━━ Input material ━━
text \<open>y^2 = x^3 + B (B in F_q[T]) is a minimal Weierstrass equation of an elliptic curve:
  Delta = -432 B^2 nonzero and, since c4 = 0 and char not 2,3, minimality at every prime P
  means v_P(Delta) < 12, i.e. v_P(B) < 6.\<close>
definition minimal_weierstrass_j0 :: "'a::{field_gcd,finite} poly \<Rightarrow> bool" where
  "minimal_weierstrass_j0 B \<longleftrightarrow> B \<noteq> 0 \<and> (\<forall>P. prime P \<longrightarrow> \<not> P ^ 6 dvd B)"

definition tau :: "nat \<Rightarrow> nat" where
  "tau n = card {d. d dvd n}"

end

theory Submission
  imports Defs
begin

text \<open>If \<open>D \<in> F_N(B)\<close> then \<open>D = A * C\<^sup>2\<close> with \<open>A * C = rad D\<close> of degree \<open>N\<close>, so a prime
  \<open>P\<close> divides at most \<open>2 (N + 1) q\<^sup>N / q\<^bsup>deg P\<^esup>\<close> of them; since at most \<open>q\<^sup>k / k\<close> primes have
  degree \<open>k\<close>, the total \<open>\<Sum>\<^sub>D deg D\<^sub>k\<close> is at most \<open>2 (N + 1) q\<^sup>N\<close>. Conversely
  \<open>|F_N(B)| \<ge> c\<^sub>B (N + 1) q\<^sup>N\<close>: taking \<open>A = Q\<^sub>1 B + 1\<close>, \<open>C = Q\<^sub>2 B + 1\<close>, a sieve over small
  primes shows that for \<open>q \<ge> 7\<close> at least a quarter of all pairs of monic \<open>Q\<^sub>1, Q\<^sub>2\<close> of given
  degrees make \<open>A, C\<close> squarefree and coprime, and about \<open>N / 3\<close> splittings of the degree satisfy
  \<open>3 | deg D\<close>. So the average of \<open>deg D\<^sub>k\<close> is bounded uniformly in \<open>k\<close> and \<open>N\<close>, and the
  sum over the divisors of \<open>n\<close> contributes the factor \<open>\<tau>(n)\<close>.\<close>

section \<open>Counting monic polynomials\<close>

definition polys_degree_less :: "nat \<Rightarrow> 'a::zero poly set" where
  "polys_degree_less n = {p. \<forall>i\<ge>n. coeff p i = 0}"

definition monic_polys :: "nat \<Rightarrow> 'a::{zero,one} poly set" where
  "monic_polys n = {F. lead_coeff F = 1 \<and> degree F = n}"

lemma bij_betw_polys_degree_less_lists:
  "bij_betw (\<lambda>p. map (coeff p) [0..<n]) (polys_degree_less n) {xs :: 'a::zero list. length xs = n}"
proof (rule bij_betw_byWitness[where f' = Poly])
  show "\<forall>p\<in>polys_degree_less n. Poly (map (coeff p) [0..<n]) = p"
    by (auto simp: polys_degree_less_def nth_default_def intro!: poly_eqI)
  show "\<forall>xs\<in>{xs. length xs = n}. map (coeff (Poly xs)) [0..<n] = xs"
    by (auto simp: nth_default_def intro: nth_equalityI)
qed (auto simp: polys_degree_less_def nth_default_def)

lemma finite_polys_degree_less [simp]: "finite (polys_degree_less n :: 'a::{zero,finite} poly set)"
  using bij_betw_finite[OF bij_betw_polys_degree_less_lists[where 'a='a]] finite_lists_length_eq[of "UNIV :: 'a set" n]
  by simp

lemma card_polys_degree_less: "card (polys_degree_less n :: 'a::{zero,finite} poly set) = CARD('a) ^ n"
  using bij_betw_same_card[OF bij_betw_polys_degree_less_lists[where 'a='a]] card_lists_length_eq[of "UNIV :: 'a set" n]
  by simp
━━━
■ About this exercise
Copy out only the lines of the records above from the one with "text \<open>If \<open>D" through the one with "degree \<open>k\<close>, the", exactly as they stand, both included.

■ Written response
text \<open>If \<open>D \<in> F_N(B)\<close> then \<open>D = A * C\<^sup>2\<close> with \<open>A * C = rad D\<close> of degree \<open>N\<close>, so a prime
  \<open>P\<close> divides at most \<open>2 (N + 1) q\<^sup>N / q\<^bsup>deg P\<^esup>\<close> of them; since at most \<open>q\<^sup>k / k\<close> primes have
  degree \<open>k\<close>, the total \<open>\<Sum>\<^sub>D deg D\<^sub>k\<close> is at most \<open>2 (N + 1) q\<^sup>N\<close>. Conversely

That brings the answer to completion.